■ **What the exercise asks**
In the records below, work out how many lines hold the word "blast". Report the number alone.

Stored data entries:
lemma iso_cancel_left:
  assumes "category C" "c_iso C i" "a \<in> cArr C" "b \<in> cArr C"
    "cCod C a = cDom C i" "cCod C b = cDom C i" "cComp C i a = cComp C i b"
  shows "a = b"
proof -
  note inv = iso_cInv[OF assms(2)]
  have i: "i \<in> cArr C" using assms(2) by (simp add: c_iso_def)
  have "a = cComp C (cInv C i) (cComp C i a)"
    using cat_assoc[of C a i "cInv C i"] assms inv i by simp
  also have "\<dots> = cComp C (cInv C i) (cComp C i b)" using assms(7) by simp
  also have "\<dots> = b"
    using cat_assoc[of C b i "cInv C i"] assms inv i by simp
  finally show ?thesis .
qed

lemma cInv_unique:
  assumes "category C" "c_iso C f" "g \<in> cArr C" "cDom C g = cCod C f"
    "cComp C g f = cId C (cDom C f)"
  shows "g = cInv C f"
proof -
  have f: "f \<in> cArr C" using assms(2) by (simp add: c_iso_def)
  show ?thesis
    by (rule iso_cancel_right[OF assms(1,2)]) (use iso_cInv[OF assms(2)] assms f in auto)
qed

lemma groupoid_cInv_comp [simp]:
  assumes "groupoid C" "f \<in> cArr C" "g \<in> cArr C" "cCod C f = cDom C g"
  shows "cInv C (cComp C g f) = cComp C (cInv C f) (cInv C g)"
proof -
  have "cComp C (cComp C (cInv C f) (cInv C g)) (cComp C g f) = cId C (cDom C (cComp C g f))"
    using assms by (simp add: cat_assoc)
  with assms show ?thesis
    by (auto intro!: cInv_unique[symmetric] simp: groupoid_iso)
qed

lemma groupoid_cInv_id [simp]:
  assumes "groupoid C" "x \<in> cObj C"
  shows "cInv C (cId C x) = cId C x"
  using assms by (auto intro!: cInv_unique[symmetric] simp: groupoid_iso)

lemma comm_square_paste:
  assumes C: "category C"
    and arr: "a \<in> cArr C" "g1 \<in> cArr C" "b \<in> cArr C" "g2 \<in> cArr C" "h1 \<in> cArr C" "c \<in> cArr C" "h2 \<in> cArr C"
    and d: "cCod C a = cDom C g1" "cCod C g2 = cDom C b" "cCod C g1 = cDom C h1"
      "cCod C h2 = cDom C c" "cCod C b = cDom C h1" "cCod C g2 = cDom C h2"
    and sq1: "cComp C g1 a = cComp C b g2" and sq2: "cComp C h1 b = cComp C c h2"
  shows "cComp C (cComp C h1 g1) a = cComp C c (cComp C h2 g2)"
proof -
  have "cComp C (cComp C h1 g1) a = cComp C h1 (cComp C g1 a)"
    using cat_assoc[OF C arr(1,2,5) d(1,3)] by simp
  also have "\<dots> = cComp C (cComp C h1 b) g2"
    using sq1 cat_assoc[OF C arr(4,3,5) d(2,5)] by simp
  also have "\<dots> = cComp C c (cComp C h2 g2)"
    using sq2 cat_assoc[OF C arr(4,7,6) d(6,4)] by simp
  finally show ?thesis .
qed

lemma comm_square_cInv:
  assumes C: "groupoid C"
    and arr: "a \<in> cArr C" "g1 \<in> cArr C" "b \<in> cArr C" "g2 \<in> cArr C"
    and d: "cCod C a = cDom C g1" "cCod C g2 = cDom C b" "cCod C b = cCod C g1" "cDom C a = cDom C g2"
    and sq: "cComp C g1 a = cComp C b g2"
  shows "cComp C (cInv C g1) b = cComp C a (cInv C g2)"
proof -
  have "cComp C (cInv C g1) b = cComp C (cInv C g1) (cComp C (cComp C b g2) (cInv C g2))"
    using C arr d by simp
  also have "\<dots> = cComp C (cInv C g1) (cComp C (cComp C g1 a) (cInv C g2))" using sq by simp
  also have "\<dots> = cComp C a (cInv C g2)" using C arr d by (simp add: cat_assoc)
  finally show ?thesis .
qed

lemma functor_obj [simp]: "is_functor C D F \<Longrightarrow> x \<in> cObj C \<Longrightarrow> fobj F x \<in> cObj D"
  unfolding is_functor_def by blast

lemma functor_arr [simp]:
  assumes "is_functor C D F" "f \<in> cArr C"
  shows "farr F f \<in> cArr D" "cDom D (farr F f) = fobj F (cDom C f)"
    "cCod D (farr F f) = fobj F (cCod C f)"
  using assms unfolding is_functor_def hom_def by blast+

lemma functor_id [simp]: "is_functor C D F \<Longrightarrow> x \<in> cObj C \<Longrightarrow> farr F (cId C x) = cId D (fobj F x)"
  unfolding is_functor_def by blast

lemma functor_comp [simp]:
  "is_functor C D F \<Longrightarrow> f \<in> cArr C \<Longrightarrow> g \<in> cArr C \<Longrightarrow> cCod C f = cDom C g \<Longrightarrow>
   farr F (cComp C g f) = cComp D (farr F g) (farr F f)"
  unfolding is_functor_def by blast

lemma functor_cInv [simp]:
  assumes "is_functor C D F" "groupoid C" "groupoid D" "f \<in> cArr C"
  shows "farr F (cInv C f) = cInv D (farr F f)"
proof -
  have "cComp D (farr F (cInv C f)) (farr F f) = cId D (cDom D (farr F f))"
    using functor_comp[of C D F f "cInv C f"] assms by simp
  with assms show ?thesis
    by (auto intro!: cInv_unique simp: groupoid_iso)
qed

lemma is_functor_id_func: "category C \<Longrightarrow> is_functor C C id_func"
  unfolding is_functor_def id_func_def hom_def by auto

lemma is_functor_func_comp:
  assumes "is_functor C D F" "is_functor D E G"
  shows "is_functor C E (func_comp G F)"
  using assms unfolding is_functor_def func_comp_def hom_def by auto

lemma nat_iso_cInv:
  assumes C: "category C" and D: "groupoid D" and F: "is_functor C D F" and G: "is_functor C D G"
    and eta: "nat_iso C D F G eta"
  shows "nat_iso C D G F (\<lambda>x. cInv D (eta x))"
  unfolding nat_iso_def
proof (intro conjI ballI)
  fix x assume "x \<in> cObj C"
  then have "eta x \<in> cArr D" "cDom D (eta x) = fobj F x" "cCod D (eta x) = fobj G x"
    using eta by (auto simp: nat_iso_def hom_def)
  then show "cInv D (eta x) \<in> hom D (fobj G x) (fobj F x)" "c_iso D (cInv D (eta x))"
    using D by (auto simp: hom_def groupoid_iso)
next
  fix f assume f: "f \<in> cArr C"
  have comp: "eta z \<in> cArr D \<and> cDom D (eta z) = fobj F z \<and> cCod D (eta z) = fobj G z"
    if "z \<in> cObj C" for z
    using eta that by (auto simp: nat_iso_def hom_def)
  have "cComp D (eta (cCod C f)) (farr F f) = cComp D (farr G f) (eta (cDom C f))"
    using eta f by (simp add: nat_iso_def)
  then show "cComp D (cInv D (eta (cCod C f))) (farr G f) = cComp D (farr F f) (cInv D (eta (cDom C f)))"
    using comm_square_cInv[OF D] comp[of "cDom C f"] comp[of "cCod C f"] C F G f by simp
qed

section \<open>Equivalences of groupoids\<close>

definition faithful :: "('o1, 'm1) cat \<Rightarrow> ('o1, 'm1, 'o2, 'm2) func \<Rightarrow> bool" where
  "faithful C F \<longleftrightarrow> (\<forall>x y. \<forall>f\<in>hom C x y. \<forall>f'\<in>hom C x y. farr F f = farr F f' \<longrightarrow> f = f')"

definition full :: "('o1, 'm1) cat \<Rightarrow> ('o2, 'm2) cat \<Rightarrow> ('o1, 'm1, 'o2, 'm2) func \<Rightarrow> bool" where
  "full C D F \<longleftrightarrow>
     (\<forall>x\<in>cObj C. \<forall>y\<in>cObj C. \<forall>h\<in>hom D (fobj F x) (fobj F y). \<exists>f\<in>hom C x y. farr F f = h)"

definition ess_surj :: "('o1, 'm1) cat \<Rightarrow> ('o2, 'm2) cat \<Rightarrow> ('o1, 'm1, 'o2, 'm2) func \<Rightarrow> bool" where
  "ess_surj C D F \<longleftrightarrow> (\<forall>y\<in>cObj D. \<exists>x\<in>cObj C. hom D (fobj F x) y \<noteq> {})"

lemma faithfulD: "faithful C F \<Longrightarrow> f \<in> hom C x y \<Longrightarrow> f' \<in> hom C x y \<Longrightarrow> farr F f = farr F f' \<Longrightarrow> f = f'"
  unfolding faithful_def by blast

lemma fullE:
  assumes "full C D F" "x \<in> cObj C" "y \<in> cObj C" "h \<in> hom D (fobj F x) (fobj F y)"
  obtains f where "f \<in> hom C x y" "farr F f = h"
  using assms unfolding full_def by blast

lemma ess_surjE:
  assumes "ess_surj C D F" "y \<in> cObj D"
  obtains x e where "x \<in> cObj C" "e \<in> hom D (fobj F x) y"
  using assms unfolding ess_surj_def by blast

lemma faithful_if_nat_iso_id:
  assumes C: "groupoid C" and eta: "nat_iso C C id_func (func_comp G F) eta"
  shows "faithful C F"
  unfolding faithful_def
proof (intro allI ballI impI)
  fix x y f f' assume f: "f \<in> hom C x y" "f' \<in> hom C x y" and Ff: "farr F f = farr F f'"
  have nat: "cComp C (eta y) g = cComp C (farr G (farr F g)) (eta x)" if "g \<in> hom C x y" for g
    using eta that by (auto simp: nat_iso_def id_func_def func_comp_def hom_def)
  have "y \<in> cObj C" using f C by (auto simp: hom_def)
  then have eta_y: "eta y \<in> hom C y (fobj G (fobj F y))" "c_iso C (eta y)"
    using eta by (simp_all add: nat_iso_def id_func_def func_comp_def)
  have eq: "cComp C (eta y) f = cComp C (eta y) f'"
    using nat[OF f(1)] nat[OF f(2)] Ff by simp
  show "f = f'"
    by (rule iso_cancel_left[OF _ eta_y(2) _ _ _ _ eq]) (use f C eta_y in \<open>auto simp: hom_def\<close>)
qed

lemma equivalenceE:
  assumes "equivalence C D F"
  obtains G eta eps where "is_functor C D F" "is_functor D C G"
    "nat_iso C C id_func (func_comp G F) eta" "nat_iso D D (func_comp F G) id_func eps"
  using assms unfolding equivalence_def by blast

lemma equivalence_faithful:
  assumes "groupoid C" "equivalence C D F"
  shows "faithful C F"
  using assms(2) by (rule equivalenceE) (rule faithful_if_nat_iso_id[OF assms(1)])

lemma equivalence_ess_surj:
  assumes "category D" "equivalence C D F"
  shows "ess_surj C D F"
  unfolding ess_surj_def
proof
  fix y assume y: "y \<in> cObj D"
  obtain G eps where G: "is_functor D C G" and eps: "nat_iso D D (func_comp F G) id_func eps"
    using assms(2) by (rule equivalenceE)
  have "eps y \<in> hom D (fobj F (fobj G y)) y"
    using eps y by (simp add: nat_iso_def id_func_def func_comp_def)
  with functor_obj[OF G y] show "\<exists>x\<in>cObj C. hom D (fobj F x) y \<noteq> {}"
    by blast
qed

■ **Task result**
9